Records for the exercise:
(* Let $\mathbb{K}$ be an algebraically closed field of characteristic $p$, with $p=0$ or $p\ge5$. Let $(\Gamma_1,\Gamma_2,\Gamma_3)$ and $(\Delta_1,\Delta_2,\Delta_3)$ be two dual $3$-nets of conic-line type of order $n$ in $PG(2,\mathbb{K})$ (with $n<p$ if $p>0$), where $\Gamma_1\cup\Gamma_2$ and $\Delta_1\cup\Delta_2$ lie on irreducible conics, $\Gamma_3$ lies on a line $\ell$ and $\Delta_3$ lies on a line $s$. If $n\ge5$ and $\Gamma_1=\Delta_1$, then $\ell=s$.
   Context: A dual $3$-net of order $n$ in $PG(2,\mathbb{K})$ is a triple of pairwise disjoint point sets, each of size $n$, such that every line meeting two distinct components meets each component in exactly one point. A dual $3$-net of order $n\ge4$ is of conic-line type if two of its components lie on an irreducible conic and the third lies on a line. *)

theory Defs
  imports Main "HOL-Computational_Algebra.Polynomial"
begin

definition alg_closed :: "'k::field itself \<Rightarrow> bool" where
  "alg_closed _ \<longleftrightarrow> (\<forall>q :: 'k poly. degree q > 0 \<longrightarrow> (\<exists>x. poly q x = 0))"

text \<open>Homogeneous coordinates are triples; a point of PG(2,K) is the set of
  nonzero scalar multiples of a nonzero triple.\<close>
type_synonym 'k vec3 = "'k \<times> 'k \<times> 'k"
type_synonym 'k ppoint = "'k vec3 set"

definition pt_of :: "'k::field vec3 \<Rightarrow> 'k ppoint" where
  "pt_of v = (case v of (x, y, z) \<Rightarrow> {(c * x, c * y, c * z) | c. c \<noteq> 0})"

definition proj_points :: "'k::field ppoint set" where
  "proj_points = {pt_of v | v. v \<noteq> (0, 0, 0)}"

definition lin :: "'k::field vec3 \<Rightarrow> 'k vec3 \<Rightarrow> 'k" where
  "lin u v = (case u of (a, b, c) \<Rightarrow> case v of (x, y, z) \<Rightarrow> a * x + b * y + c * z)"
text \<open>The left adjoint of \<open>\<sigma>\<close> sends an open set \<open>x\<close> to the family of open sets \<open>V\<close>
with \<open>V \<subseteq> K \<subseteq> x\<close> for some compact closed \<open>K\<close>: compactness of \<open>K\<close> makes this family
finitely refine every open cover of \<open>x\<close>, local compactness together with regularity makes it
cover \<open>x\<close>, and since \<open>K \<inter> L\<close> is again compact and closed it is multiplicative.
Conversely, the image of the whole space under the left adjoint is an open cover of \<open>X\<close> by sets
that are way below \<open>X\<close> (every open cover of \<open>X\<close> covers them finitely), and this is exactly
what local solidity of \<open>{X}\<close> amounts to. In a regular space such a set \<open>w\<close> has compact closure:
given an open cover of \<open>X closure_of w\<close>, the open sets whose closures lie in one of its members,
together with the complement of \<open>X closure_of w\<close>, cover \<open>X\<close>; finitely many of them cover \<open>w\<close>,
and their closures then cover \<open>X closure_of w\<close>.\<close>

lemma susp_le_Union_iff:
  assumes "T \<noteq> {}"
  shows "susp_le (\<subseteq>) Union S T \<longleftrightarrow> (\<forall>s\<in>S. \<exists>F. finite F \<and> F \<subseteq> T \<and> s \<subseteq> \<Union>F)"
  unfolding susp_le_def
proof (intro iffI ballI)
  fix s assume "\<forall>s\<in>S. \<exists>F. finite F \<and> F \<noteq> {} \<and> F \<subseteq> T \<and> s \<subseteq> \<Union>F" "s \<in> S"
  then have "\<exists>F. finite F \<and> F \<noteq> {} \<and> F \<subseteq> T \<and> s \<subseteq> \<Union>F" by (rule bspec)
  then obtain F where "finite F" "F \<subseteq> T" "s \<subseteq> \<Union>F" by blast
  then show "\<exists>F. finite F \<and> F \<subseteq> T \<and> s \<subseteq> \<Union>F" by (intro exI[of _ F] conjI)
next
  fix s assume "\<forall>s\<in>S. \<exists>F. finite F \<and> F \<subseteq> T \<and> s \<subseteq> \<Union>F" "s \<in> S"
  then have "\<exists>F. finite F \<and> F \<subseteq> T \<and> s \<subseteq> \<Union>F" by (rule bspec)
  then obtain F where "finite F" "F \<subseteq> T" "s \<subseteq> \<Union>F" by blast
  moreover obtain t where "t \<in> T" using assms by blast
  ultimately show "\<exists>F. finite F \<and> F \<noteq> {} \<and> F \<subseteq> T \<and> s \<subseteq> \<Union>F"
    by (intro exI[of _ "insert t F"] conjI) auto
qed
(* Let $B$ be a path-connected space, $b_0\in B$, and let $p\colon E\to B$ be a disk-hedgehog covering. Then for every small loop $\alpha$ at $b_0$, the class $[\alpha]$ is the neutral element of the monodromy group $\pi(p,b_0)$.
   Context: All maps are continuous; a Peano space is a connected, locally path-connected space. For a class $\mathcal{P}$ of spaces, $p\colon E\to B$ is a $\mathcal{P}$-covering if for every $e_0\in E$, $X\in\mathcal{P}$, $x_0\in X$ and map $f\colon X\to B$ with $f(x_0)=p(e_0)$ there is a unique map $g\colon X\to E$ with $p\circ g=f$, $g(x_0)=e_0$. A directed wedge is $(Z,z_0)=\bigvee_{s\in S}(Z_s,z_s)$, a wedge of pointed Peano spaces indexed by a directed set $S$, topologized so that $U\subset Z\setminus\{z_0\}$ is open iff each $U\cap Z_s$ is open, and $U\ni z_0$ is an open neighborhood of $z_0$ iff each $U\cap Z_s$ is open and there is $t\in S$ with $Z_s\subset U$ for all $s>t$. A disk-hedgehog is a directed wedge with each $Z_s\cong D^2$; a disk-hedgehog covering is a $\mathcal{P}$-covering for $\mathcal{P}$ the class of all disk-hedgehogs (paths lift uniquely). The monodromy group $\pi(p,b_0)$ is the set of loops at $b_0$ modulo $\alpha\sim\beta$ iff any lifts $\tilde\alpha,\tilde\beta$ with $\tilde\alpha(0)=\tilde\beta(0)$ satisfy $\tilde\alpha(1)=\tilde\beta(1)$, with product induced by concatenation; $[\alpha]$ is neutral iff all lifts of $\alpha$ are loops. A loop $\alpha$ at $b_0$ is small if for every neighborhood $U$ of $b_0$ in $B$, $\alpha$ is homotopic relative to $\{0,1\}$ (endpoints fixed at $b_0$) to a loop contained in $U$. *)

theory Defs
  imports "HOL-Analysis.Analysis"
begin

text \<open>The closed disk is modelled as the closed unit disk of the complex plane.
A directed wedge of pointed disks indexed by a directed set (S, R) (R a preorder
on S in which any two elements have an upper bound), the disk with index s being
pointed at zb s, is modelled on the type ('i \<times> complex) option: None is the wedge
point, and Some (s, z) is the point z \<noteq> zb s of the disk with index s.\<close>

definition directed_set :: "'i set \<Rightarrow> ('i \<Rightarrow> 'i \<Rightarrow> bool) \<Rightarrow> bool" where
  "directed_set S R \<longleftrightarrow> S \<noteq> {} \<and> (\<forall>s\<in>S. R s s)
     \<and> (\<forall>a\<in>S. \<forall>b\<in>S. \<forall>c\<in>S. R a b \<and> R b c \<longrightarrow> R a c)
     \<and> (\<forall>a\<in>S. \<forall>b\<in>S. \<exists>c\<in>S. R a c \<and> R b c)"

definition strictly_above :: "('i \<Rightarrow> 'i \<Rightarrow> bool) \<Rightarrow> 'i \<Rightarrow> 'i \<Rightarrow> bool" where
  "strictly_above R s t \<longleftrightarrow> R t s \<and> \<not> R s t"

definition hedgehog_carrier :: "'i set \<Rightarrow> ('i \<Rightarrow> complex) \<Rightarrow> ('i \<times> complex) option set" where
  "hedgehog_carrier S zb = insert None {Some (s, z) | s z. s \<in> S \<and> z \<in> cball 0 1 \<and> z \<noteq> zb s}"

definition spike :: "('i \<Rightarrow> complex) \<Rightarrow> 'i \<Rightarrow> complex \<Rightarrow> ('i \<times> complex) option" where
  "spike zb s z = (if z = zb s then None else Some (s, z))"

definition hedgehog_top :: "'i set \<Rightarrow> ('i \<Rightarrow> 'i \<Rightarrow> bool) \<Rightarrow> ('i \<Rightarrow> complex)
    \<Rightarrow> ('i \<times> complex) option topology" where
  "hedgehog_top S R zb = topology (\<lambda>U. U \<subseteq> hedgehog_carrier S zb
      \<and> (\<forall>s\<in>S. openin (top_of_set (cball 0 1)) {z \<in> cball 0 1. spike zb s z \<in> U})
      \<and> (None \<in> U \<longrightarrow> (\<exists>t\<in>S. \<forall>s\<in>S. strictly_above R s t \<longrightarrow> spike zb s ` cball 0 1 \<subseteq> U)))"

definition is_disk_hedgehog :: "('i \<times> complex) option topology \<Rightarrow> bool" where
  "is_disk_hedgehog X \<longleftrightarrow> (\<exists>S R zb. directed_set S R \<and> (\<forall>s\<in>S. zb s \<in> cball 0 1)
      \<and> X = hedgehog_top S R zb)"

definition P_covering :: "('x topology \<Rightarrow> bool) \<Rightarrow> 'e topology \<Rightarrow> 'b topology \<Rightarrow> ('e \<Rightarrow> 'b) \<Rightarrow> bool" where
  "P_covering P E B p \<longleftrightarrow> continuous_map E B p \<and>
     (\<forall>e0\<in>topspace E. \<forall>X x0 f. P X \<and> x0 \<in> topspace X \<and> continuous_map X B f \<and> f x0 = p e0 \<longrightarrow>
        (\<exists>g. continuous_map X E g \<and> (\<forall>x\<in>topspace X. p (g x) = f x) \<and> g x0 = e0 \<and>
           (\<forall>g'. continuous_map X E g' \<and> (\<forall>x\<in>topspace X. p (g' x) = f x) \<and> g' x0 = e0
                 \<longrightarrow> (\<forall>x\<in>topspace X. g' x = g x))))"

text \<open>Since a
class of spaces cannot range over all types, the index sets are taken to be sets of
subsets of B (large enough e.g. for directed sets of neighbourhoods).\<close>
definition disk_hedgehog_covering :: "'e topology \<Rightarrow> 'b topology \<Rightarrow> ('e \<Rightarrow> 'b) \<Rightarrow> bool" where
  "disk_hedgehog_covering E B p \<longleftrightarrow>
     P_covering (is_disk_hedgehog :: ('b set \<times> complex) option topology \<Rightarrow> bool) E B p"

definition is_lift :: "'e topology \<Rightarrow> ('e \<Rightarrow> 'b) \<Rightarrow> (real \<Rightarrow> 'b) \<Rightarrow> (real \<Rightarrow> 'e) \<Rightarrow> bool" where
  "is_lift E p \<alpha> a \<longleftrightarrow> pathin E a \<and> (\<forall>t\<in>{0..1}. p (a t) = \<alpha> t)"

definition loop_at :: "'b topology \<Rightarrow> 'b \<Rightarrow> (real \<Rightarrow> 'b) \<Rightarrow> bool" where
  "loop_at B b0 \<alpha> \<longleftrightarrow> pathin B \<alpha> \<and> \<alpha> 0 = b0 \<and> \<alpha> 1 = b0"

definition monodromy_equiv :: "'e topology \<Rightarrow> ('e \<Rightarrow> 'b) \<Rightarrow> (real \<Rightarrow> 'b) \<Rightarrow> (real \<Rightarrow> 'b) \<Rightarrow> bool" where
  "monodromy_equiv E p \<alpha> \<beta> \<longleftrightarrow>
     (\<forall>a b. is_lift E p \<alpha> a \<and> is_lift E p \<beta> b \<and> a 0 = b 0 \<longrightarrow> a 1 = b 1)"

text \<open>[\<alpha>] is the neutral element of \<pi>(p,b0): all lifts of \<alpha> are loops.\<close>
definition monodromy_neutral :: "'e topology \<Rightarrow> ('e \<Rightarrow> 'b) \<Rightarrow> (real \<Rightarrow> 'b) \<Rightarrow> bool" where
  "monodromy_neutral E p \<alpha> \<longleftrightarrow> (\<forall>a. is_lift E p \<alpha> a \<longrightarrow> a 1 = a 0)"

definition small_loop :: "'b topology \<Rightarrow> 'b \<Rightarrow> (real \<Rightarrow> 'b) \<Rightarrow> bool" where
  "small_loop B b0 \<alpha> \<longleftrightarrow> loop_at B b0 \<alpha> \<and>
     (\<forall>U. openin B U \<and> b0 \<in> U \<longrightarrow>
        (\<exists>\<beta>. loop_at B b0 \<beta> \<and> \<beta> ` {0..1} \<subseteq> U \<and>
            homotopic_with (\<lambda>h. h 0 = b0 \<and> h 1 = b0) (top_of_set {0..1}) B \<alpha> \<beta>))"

Activity: Every line in the data above that contains "this" needs to be copied.

Your response:
with \<open>V \<subseteq> K \<subseteq> x\<close> for some compact closed \<open>K\<close>: compactness of \<open>K\<close> makes this family
that are way below \<open>X\<close> (every open cover of \<open>X\<close> covers them finitely), and this is exactly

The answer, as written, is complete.